→ Work instruction
The entries follow. Copy every line in which "longrightarrow" appears.
[[ Data provided open ]]
theorem proposition5p5:
  fixes \<alpha>1 \<alpha>2 \<alpha>3 lam :: real
  assumes pos1: "\<alpha>1 > 0" and pos2: "\<alpha>2 > 0" and pos3: "\<alpha>3 > 0"
    and rel: "1 / \<alpha>1^2 = 1 / \<alpha>2^2 + 1 / \<alpha>3^2"
    and lam_pos: "lam > 0"
    and lam_sq: "lam^2 = (acoef2 \<alpha>1 \<alpha>2 \<alpha>3)^2 - acoef1 \<alpha>1 \<alpha>2 \<alpha>3 * acoef3 \<alpha>1 \<alpha>2 \<alpha>3"
  shows "Tmat \<alpha>1 \<alpha>2 \<alpha>3 *v (vector [0, \<alpha>1, \<alpha>2, \<alpha>3, \<alpha>1, \<alpha>2, \<alpha>3] :: real^7) = 0
    \<and> (\<exists>b1 b2 b3 b4 b5 c1 c2 c3 c4 c5 d1 d2 d3 d4 d5 d6 :: real.
        let T = Tmat \<alpha>1 \<alpha>2 \<alpha>3;
            bp = (vector [b1, b2, 0, b3, b4, 0, b5] :: real^7);
            bm = (vector [b1, b4, 0, b5, b2, 0, b3] :: real^7);
            cp = (vector [c1, 0, c2, c3, 0, c4, c5] :: real^7);
            cm = (vector [c1, 0, c4, c5, 0, c2, c3] :: real^7);
            dp = (vector [0, d1, d2, d3, d4, d5, d6] :: real^7);
            dm = (vector [0, d4, d5, d6, d1, d2, d3] :: real^7)
        in bp \<noteq> 0 \<and> bm \<noteq> 0 \<and> cp \<noteq> 0 \<and> cm \<noteq> 0 \<and> dp \<noteq> 0 \<and> dm \<noteq> 0
         \<and> T *v bp = lam *\<^sub>R bp \<and> T *v bm = (- lam) *\<^sub>R bm
         \<and> T *v cp = lam *\<^sub>R cp \<and> T *v cm = (- lam) *\<^sub>R cm
         \<and> T *v dp = (3 * lam) *\<^sub>R dp \<and> T *v dm = (- 3 * lam) *\<^sub>R dm
         \<and> bp \<noteq> cp \<and> independent {bp, cp}
         \<and> bm \<noteq> cm \<and> independent {bm, cm})"
proof -
  define s where "s = \<alpha>2 * \<alpha>3 / \<alpha>1"
  define b where "b = bvec \<alpha>2 \<alpha>3 s (s * lam)"
  define c where "c = cvec \<alpha>2 \<alpha>3 s (s * lam)"
  define d where "d = dvec \<alpha>2 \<alpha>3 s (s * lam)"
  note eigen = Tmat_eigenvectors[OF pos1 pos2 pos3 rel lam_pos lam_sq,
      folded s_def, folded b_def c_def d_def]
  have zeros: "b $ 3 = 0" "b $ 6 = 0" "c $ 2 = 0" "c $ 5 = 0" "d $ 1 = 0"
    by (simp_all add: b_def c_def d_def bvec_def cvec_def dvec_def)
  have "Tmat \<alpha>1 \<alpha>2 \<alpha>3 *v vector [0, \<alpha>1, \<alpha>2, \<alpha>3, \<alpha>1, \<alpha>2, \<alpha>3] = 0"
    using pos1 pos2 pos3 by (intro Tmat_kernel) simp_all
  then show ?thesis
    using swap_halves_eigenvector_pairs[OF Tmat_swap_halves eigen(1-3) zeros eigen(4-6)]
    unfolding Let_def by (rule conjI)
qed

end
(* Let $T>0$ and let $\pi=(\pi^n)_{n\geq 1}$ be a sequence of partitions $\pi^n=(0=t^n_0<t^n_1<\cdots<t^n_{N(\pi^n)}=T)$ of $[0,T]$ with vanishing mesh, i.e. $|\pi^n|\to 0$. Then: (i) $\pi$ is balanced if and only if $\liminf_{n\to\infty} N(\pi^n)\,\underline{\pi^n}>0$ and $\limsup_{n\to\infty} N(\pi^n)\,|\pi^n|<\infty$. (ii) For $0\le t_1\le t_2\le T$ let $N(\pi^n,t_1,t_2)$ denote the number of partition points of $\pi^n$ in $[t_1,t_2]$. If $\pi$ is balanced, then for any $h\in(0,T]$, $$\limsup_{n\to\infty}\frac{\sup_{t\in[0,T-h]}N(\pi^n,t,t+h)}{\inf_{t\in[0,T-h]}N(\pi^n,t,t+h)}<\infty.$$ (iii) If $\pi$ is balanced, then $$\limsup_n\frac{N(\pi^{n+1})}{N(\pi^n)}<\infty\iff\limsup_n\frac{|\pi^n|}{|\pi^{n+1}|}<\infty\iff\limsup_n\frac{\underline{\pi^n}}{\underline{\pi^{n+1}}}<\infty.$$ (iv) If $g\in C^1([0,T],\mathbb{R})$ is strictly increasing with $\inf_{[0,T]} g'>0$, then for any balanced partition sequence $(\pi^n)_{n\ge1}$ of $[0,T]$, the sequence $(g(\pi^n))_{n\geq1}$, where $g(\pi^n)=(g(t^n_0)<g(t^n_1)<\cdots<g(t^n_{N(\pi^n)}))$, is a balanced partition sequence of $g([0,T])=[g(0),g(T)]$.
   Context: For a finite partition $\pi^n=(0=t^n_0<t^n_1<\cdots<t^n_{N(\pi^n)}=T)$ of $[0,T]$, $N(\pi^n)$ is the number of intervals, $|\pi^n|=\sup_{i}|t^n_{i}-t^n_{i-1}|$ is the largest interval length (mesh) and $\underline{\pi^n}=\inf_i|t^n_i-t^n_{i-1}|$ the smallest interval length. A sequence of partitions $(\pi^n)_{n\geq1}$ of an interval is called balanced if there exists $c>0$ such that $|\pi^n|/\underline{\pi^n}\le c$ for all $n\ge1$. *)

theory Defs
  imports "HOL-Analysis.Analysis"
begin

text \<open>A finite partition is represented by its number of intervals N and its points
  t 0, ..., t N (a function nat => real, only values at indices <= N matter).\<close>

definition is_partition :: "real \<Rightarrow> real \<Rightarrow> (nat \<Rightarrow> real) \<Rightarrow> nat \<Rightarrow> bool" where
  "is_partition a b t N \<longleftrightarrow> t 0 = a \<and> t N = b \<and> (\<forall>i<N. t i < t (Suc i))"
(* Let $\langle S,L,\tau,\ell\rangle$ be a labelled Markov chain and let $R$ be a bisimulation with $\simeq\,\subseteq R\subseteq\,\sim$. For all $s,t,u\in S$ with $(s,t)\in\mathrm{Filter}(R)$ and $(t,u)\in\mathrm{Filter}(R)$, if $s\simeq t$ or $t\simeq u$, then $(s,u)\in\mathrm{Filter}(R)$.
   Context: Labelled Markov chain $\langle S,L,\tau,\ell\rangle$: finite $S$, finite $L$, $\tau:S\to\mathcal{D}(S)$, $\ell:S\to L$, $|\ell(S)|\ge2$. $\Omega(\mu,\nu)$ = couplings (distributions on $S\times S$ with marginals $\mu,\nu$). A bisimulation is an equivalence relation $R\subseteq S\times S$ such that for all $(s,t)\in R$, $\ell(s)=\ell(t)$ and some $\omega\in\Omega(\tau(s),\tau(t))$ has $\mathrm{support}(\omega)\subseteq R$; $\sim$ is bisimilarity (union of all bisimulations). $S^2_\Delta=\{(s,s)\}$, $S^2_1=\{(s,t)\mid\ell(s)\ne\ell(t)\}$. A policy is $P:S\times S\to\mathcal{D}(S\times S)$ with $P(s,t)\in\Omega(\tau(s),\tau(t))$ for $(s,t)\notin S^2_1$ and $P(s,t)$ the point mass at $(s,t)$ for $(s,t)\in S^2_1$; $\mathcal{P}$ = set of policies, inducing Markov chains $\langle S\times S,P\rangle$. Robust bisimilarity: $s\simeq t$ iff some $P\in\mathcal{P}$ makes $(s,t)$ reach $S^2_\Delta$ with probability $1$ in $\langle S\times S,P\rangle$. $R$ supports a path $(u_1,v_1)\dots(u_n,v_n)$ of $\langle S\times S,P\rangle$ if $(u_i,v_i)\in R$ and $\mathrm{support}(P(u_i,v_i))\subseteq R$ for all $i$. $\mathrm{Filter}(R)=\{(s,t)\in R\mid\exists P\in\mathcal{P}$ such that $R$ supports a path from $(s,t)$ to $S^2_\Delta$ in $\langle S\times S,P\rangle\}$. *)

theory Defs
  imports "HOL-Probability.Probability"
begin

definition couplings :: "'s pmf \<Rightarrow> 's pmf \<Rightarrow> ('s \<times> 's) pmf set" where
  "couplings \<mu> \<nu> = {\<omega>. map_pmf fst \<omega> = \<mu> \<and> map_pmf snd \<omega> = \<nu>}"

definition bisimulation :: "('s \<Rightarrow> 's pmf) \<Rightarrow> ('s \<Rightarrow> 'l) \<Rightarrow> ('s \<times> 's) set \<Rightarrow> bool" where
  "bisimulation \<tau> lab R \<longleftrightarrow> equiv UNIV R \<and>
     (\<forall>(s,t)\<in>R. lab s = lab t \<and> (\<exists>\<omega>\<in>couplings (\<tau> s) (\<tau> t). set_pmf \<omega> \<subseteq> R))"

definition bisimilarity :: "('s \<Rightarrow> 's pmf) \<Rightarrow> ('s \<Rightarrow> 'l) \<Rightarrow> ('s \<times> 's) set" where
  "bisimilarity \<tau> lab = \<Union>{R. bisimulation \<tau> lab R}"

definition diag_pairs :: "('s \<times> 's) set" where
  "diag_pairs = {(s,s) | s. True}"

definition diff_label :: "('s \<Rightarrow> 'l) \<Rightarrow> ('s \<times> 's) set" where
  "diff_label lab = {(s,t). lab s \<noteq> lab t}"

definition policies :: "('s \<Rightarrow> 's pmf) \<Rightarrow> ('s \<Rightarrow> 'l) \<Rightarrow> (('s \<times> 's) \<Rightarrow> ('s \<times> 's) pmf) set" where
  "policies \<tau> lab = {P. \<forall>st.
      (st \<notin> diff_label lab \<longrightarrow> P st \<in> couplings (\<tau> (fst st)) (\<tau> (snd st))) \<and>
      (st \<in> diff_label lab \<longrightarrow> P st = return_pmf st)}"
[[ Data provided closed ]]
→ Expected output
      (st \<notin> diff_label lab \<longrightarrow> P st \<in> couplings (\<tau> (fst st)) (\<tau> (snd st))) \<and>
      (st \<in> diff_label lab \<longrightarrow> P st = return_pmf st)}"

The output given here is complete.